When I left, I began to recognize the parallels between my life and my mother’s life. The similarities were profound. I was just like her. The only difference was that for me, suicide was not an option, and so I was forced to make the decision to live. This was a pivotal point, truly. I made the choice then and there, in December of 2015, that I would live, not merely exist, but I would do anything and everything necessary in order to create a life that I loved. With that choice, I would stop settling for less than I deserved and I would be my own advocate, no matter how challenging it might be — and it was challenging.

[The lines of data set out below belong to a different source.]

lemma sq_scale_seq_ge:
  assumes v: "v > 0" and q: "q \<ge> 1"
  shows "v * real k / q ^ (2 * k) \<le> (scale_seq v q k)\<^sup>2"
proof (induction k)
  case (Suc k)
  have "v / q ^ (2 * k) \<le> v"
    using v q by (simp add: divide_le_eq one_le_power)
  then have "v * real (Suc k) / q ^ (2 * k) \<le> (scale_seq v q k)\<^sup>2 + v"
    using Suc by (simp add: add_divide_distrib distrib_left)
  then have "v * real (Suc k) / q ^ (2 * k) / q\<^sup>2 \<le> ((scale_seq v q k)\<^sup>2 + v) / q\<^sup>2"
    using q by (intro divide_right_mono) auto
  then show ?case
    using v q by (simp add: power_divide power_add power2_eq_square mult_ac)
qed simp

lemma sqrt_div_power_le_scale_seq:
  assumes v: "v > 0" and q: "q \<ge> 1"
  shows "sqrt (v * n) / q ^ n \<le> scale_seq v q n"
proof (rule power2_le_imp_le)
  show "(sqrt (v * n) / q ^ n)\<^sup>2 \<le> (scale_seq v q n)\<^sup>2"
    using sq_scale_seq_ge[OF v q, of n] v by (simp add: power_divide power_mult[symmetric] mult.commute)
  show "0 \<le> scale_seq v q n"
    using scale_seq_nonneg[of v q n] v q by simp
qed

lemma inverse_sqrt_scale_seq_le:
  assumes v: "v > 0" and q: "q \<ge> 1"
  shows "1 / sqrt ((scale_seq v q k)\<^sup>2 + v) \<le> q ^ k / sqrt (v * (real k + 1))"
proof -
  have "v / q ^ (2 * k) \<le> v"
    using v q by (simp add: divide_le_eq one_le_power)
  then have "v * (real k + 1) / (q ^ k)\<^sup>2 \<le> (scale_seq v q k)\<^sup>2 + v"
    using sq_scale_seq_ge[OF v q, of k]
    by (simp add: add_divide_distrib distrib_left power_mult[symmetric] mult.commute)
  then have "sqrt (v * (real k + 1)) / q ^ k \<le> sqrt ((scale_seq v q k)\<^sup>2 + v)"
    using v q by (intro real_le_rsqrt) (simp add: power_divide)
  then have "1 / sqrt ((scale_seq v q k)\<^sup>2 + v) \<le> 1 / (sqrt (v * (real k + 1)) / q ^ k)"
    using v q by (intro divide_left_mono mult_pos_pos) (auto intro: add_nonneg_pos)
  then show ?thesis
    by simp
qed

lemma sum_inverse_sqrt_le: "(\<Sum>k<n. 1 / sqrt (real k + 1)) \<le> 2 * sqrt (real n)"
proof (induction n)
  case (Suc n)
  have "2 * sqrt (real n) * sqrt (real n + 1) \<le> real n + (real n + 1)"
    using sum_squares_bound[of "sqrt (real n)" "sqrt (real n + 1)"] by simp
  then have "1 / sqrt (real n + 1) \<le> 2 * sqrt (real n + 1) - 2 * sqrt (real n)"
    by (simp add: field_simps)
  then show ?case
    using Suc by (simp add: add.commute)
qed simp

lemma telescope_scale_seq:
  fixes I C :: "real \<Rightarrow> real"
  assumes v: "v \<ge> 0" and q: "q > 0"
    and step: "\<And>b. b \<ge> 0 \<Longrightarrow> I b \<le> I (sqrt (b\<^sup>2 + v) / q) + C (sqrt (b\<^sup>2 + v))"
  shows "I 0 \<le> I (scale_seq v q n) + (\<Sum>k<n. C (sqrt ((scale_seq v q k)\<^sup>2 + v)))"
proof (induction n)
  case (Suc n)
  then show ?case
    using step[OF scale_seq_nonneg[OF v q, of n]] by simp
qed simp

text \<open>Since b_k^2 \<ge> k v / q^(2 k), the n error terms e / b_k sum to O(sqrt n) rather than O(n).\<close>
lemma iterate_scale_seq_bound:
  fixes I :: "real \<Rightarrow> real"
  assumes v: "v > 0" and q: "q \<ge> 1" and e: "e \<ge> 0"
    and step: "\<And>b. b \<ge> 0 \<Longrightarrow> I b \<le> I (sqrt (b\<^sup>2 + v) / q) + e / sqrt (b\<^sup>2 + v)"
  shows "I 0 \<le> I (scale_seq v q n) + 2 * e * sqrt (real n) * q ^ n / sqrt v"
proof -
  have "I 0 \<le> I (scale_seq v q n) + (\<Sum>k<n. e / sqrt ((scale_seq v q k)\<^sup>2 + v))"
    using v q step by (intro telescope_scale_seq[where C="\<lambda>x. e / x"]) auto
  also have "(\<Sum>k<n. e / sqrt ((scale_seq v q k)\<^sup>2 + v))
      \<le> (\<Sum>k<n. e * q ^ n / sqrt v * (1 / sqrt (real k + 1)))"
  proof (intro sum_mono)
    fix k assume "k \<in> {..<n}"
    then have "q ^ k \<le> q ^ n"
      using q by (intro power_increasing) auto
    then have "1 / sqrt ((scale_seq v q k)\<^sup>2 + v) \<le> q ^ n / sqrt (v * (real k + 1))"
      using v by (intro order.trans[OF inverse_sqrt_scale_seq_le[OF v q] divide_right_mono]) auto
    then have "e * (1 / sqrt ((scale_seq v q k)\<^sup>2 + v)) \<le> e * (q ^ n / sqrt (v * (real k + 1)))"
      using e by (rule mult_left_mono)
    then show "e / sqrt ((scale_seq v q k)\<^sup>2 + v) \<le> e * q ^ n / sqrt v * (1 / sqrt (real k + 1))"
      by (simp add: real_sqrt_mult)
  qed
  also have "\<dots> = e * q ^ n / sqrt v * (\<Sum>k<n. 1 / sqrt (real k + 1))"
    by (simp add: sum_distrib_left)
  also have "\<dots> \<le> e * q ^ n / sqrt v * (2 * sqrt (real n))"
    using v q e by (intro mult_left_mono sum_inverse_sqrt_le) auto
  finally show ?thesis
    by (simp add: mult.commute mult.left_commute)
qed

I shed the toxic relationships, habits and situations, one by one, and it took time. I started making better choices for myself. I found a wonderful man who is good for me. A lot changed. As these changes were taking place, I was doing a lot of healing work on my relationship with my mother’s death. In particular, I was working to let go of the responsibility for it I had taken for so long, and little by little, the pattern was falling away. I began to see more clearly that I actually had nothing to do with the death of my mother, she made the choices she made and none of those choices had anything to do with me. None of the responsibility belonged to me. It was not mine to compensate for, to make up for, to correct or to beat myself up over. I did not have to allow it to continue to run my life. Finally, it all fell away. It was extremely painful, and yet, it was quite possibly the best thing that has ever happened.

It has taken a few months for me to adjust to what happened, to the event that felt like a breakdown… the breakdown that was years in building up, and the almost lifelong pattern of coping that would collapse all in one moment. Now I am free to be who I am and there is nothing left to prove or make right. Now I finally get to live my life for myself.